Sindaci contro Renzi. E Zedda attacca: “Verso i Comuni politiche scellerate”

C’era anche Massimo Zedda tra i 250 sindaci che, questa mattina a Cagliari, hanno protestato contro le nuove regole della finanza locale. Ecco il suo intervento.

“Negli ultimi sei anni lo Stato ha attuato verso i Comuni politiche scellerate”. Massimo Zedda, il sindaco di Cagliari, lo ha detto in Consiglio regionale dove dalle 12,30 si sono sedute le fasce tricolori della Sardegna, ricevute in Aula dal presidente Gianfranco Ganau, dagli assessori Raffaele Paci e Cristiano Erriu e dai capigruppo.

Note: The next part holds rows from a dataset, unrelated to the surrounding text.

lemma left_strip_val: "(\<Sum>P\<leftarrow>left_strip k. piece_val P) = 4 * k / 27"
  by (simp add: left_strip_def trapezoid_quad_def tri_quad_prim2_def power_divide field_simps) (use k2 in algebra)

lemma hyp_strip_val: "(\<Sum>P\<leftarrow>hyp_strip k. piece_val P) = 4 * k / 27"
  by (simp add: hyp_strip_def trapezoid_quad_def tri_quad_prim2_def power_divide field_simps) (use k2 in algebra)

lemma corner_bl_val: "(\<Sum>P\<leftarrow>corner_bl k. piece_val P) = 49/648"
  by (simp add: corner_bl_def trapezoid_quad_def tri_quad_prim2_def power_divide field_simps) (use k2 in algebra)

lemma corner_br_val: "(\<Sum>P\<leftarrow>corner_br k. piece_val P) = 49/648"
  by (simp add: corner_br_def trapezoid_quad_def tri_quad_prim2_def power_divide field_simps) (use k2 in algebra)

lemma corner_top_val: "(\<Sum>P\<leftarrow>corner_top k. piece_val P) = 49/648"
  by (simp add: corner_top_def trapezoid_quad_def tri_quad_prim2_def power_divide field_simps) (use k2 in algebra)

end

definition up_index :: "nat \<Rightarrow> (nat \<times> nat) set" where
  "up_index n = {(i, j). i + j < n}"

lemma finite_up_index [simp]: "finite (up_index n)"
proof -
  have "up_index n \<subseteq> {..<n} \<times> {..<n}" by (auto simp: up_index_def)
  then show ?thesis by (rule finite_subset) auto
qed

lemma card_up_index: "2 * card (up_index n) = n * (n + 1)"
proof (induction n)
  case (Suc n)
  have "up_index (Suc n) = up_index n \<union> (\<lambda>i. (i, n - i)) ` {..n}"
    by (auto simp: up_index_def image_iff)
  moreover have "up_index n \<inter> (\<lambda>i. (i, n - i)) ` {..n} = {}" by (auto simp: up_index_def)
  moreover have "inj_on (\<lambda>i. (i, n - i)) {..n}" by (auto intro: inj_onI)
  ultimately have "card (up_index (Suc n)) = card (up_index n) + (n + 1)"
    by (simp add: card_Un_disjoint card_image)
  then show ?case using Suc by simp
qed (simp add: up_index_def)

definition tri_lattice :: "nat \<Rightarrow> (real \<times> real) set" where
  "tri_lattice n = {c. fst c \<in> \<nat> \<and> snd c \<in> \<nat> \<and> fst c + snd c \<le> real n}"

lemma tri_lattice_eq_image: "tri_lattice n = (\<lambda>(i, j). (real i, real j)) ` up_index (Suc n)"
proof
  show "tri_lattice n \<subseteq> (\<lambda>(i, j). (real i, real j)) ` up_index (Suc n)"
  proof
    fix c assume "c \<in> tri_lattice n"
    then obtain i j where "c = (real i, real j)" "real i + real j \<le> real n"
      by (cases c) (auto simp: tri_lattice_def elim!: Nats_cases)
    then show "c \<in> (\<lambda>(i, j). (real i, real j)) ` up_index (Suc n)"
      by (auto simp: up_index_def image_iff)
  qed
qed (auto simp: tri_lattice_def up_index_def)

definition cover_families :: "nat \<Rightarrow> real \<Rightarrow> ((nat \<times> nat) set \<times> piece list) list" where
  "cover_families n k =
    [(up_index n, up_cell), (up_index (n - 1), down_cell),
     ((\<lambda>i. (i, 0)) ` {..<n}, bottom_strip k), ((\<lambda>j. (0, j)) ` {..<n}, left_strip k),
     ((\<lambda>i. (i, n - i)) ` {..<n}, hyp_strip k),
     ({(0, 0)}, corner_bl k), ({(n, 0)}, corner_br k), ({(0, n)}, corner_top k)]"

definition cover_fun :: "nat \<Rightarrow> real \<Rightarrow> real \<times> real \<Rightarrow> ennreal" where
  "cover_fun n k z = (\<Sum>F\<leftarrow>cover_families n k. translates_fun (fst F) (snd F) z)"

lemma cover_families_finite: "F \<in> set (cover_families n k) \<Longrightarrow> finite (fst F)"
  by (auto simp: cover_families_def)

lemma cover_families_ok:
  assumes "0 < k" "k < 1"
  shows "\<forall>F\<in>set (cover_families n k). \<forall>P\<in>set (snd F). piece_ok P"
  using assms by (simp add: cover_families_def up_cell_def down_cell_def bottom_strip_def left_strip_def
      hyp_strip_def corner_bl_def corner_br_def corner_top_def)

lemma cover_families_centers:
  "\<forall>F\<in>set (cover_families n k). \<forall>t\<in>fst F. \<forall>P\<in>set (snd F). piece_center (piece_shift t P) \<in> tri_lattice n"
proof -
  have "real (n - i) + -1 \<in> \<nat>" if "i < n" for i
  proof -
    have "real (n - i) + -1 = real (n - i - 1)" using that by (simp add: of_nat_diff)
    then show ?thesis by simp
  qed
  moreover have "2 + (real i + real j) \<le> real n" if "i + j < n - 1" for i j
  proof -
    have "real (i + j + 2) \<le> real n" using that by linarith
    then show ?thesis by simp
  qed
  ultimately show ?thesis
    by (simp add: cover_families_def tri_lattice_def up_index_def up_cell_def down_cell_def
        bottom_strip_def left_strip_def hyp_strip_def corner_bl_def corner_br_def corner_top_def of_nat_diff)
       (smt (verit))
qed

lemma cover_familiesI:
  assumes "(I, S) \<in> set (cover_families n k)" "t \<in> I"
    and "\<exists>P\<in>set S. (x - real (fst t), y - real (snd t)) \<in> piece_set P"
  shows "\<exists>F\<in>set (cover_families n k). covered_by (fst F) (snd F) (x, y)"
  using assms unfolding covered_by_def by (force simp: mem_piece_set_shift)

Zedda ha parlato per meno di tre minuti (il tempo degli interventi era contingentato), raccogliendo l’applauso più convinto di tutta la mattina, cominciata alle 10 in piazza del Carmine. Obiettivo: protestare contro le nuove regole della finanza locale, approvate dal governo di Matteo Renzi con la legge di stabilità 2015 e in vigore dal 1° gennaio 2016, in sostituzione del patto di stabilità. I Comuni, adesso, devono rispettare il cosiddetto saldo di competenza (leggi qui). “Ma il risultato non cambia – hanno ripetuto le fasce tricolori -: la spesa dei Comuni resta ingessata”.

Zedda ha usato i numeri per difendere gli enti locali. E in Sardegna se ne contano 377, mentre in tutta Italia sono 8mila. “Insieme – ha sottolineato il primo cittadino di Cagliari – valgono appena il 6,5 per cento della spesa totale dello Stato e hanno un indebitamento che sui conti nazionali incede solo per il 2,5 per cento“. In questo quadro, secondo Zedda “non ci sarebbero i margini per applicare così severe regole verso la finanza locale, invece programmare e dare servizi alle nostre città è diventato sempre più difficile per via dei vincoli di spesa”.

Il sindaco di Cagliari si rivolge anche alla Regione: “Sarebbe ora – dice – ci metteste nelle condizioni di facilitare gli investimenti creando gli spazi finanziari promessi”. zedda-consiglio-regionaleZedda si appella al “patto di stabilità verticale”. A quel punto l’assessore Paci interviene, gli fa presente, pur senza microfoni, che adesso la procedura è definita “patto incentivato”. Zedda gli risponde: “Si chiamasse anche Pippo, il risultato non cambia: abbiamo bisogno che la Giunta si faccia carico di alcuni costi, almeno tecnicamente, permettendo agli enti locali di utilizzare le proprie risorse ma accreditandole sul bilancio regionale”.

Il primo cittadino del capoluogo evidenza un ulteriore aspetto: “A Roma – sottolinea – il Codice degli appalti non è stato adeguato alle nuove regole sull’armonizzazione dei bilanci. Ciò significa che tra assegnazione dei lavori e conclusione delle opere passerà sempre più tempo: attualmente si viaggia su una media assurda di tre anni, per via dell’inutile burocrazia”.

La scaramuccia tra Zedda e Paci non ha avuto conseguenze. Il sindaco di Cagliari ha precisato: “Io sostengo questa Giunta, ma bisogna lavorare insieme”. E appena ha concluso il proprio intervento, è passato davanti al tavolo della presidenza e ha stretto la mano all’assessore.

Al. Car.
(@alessacart on Twitter)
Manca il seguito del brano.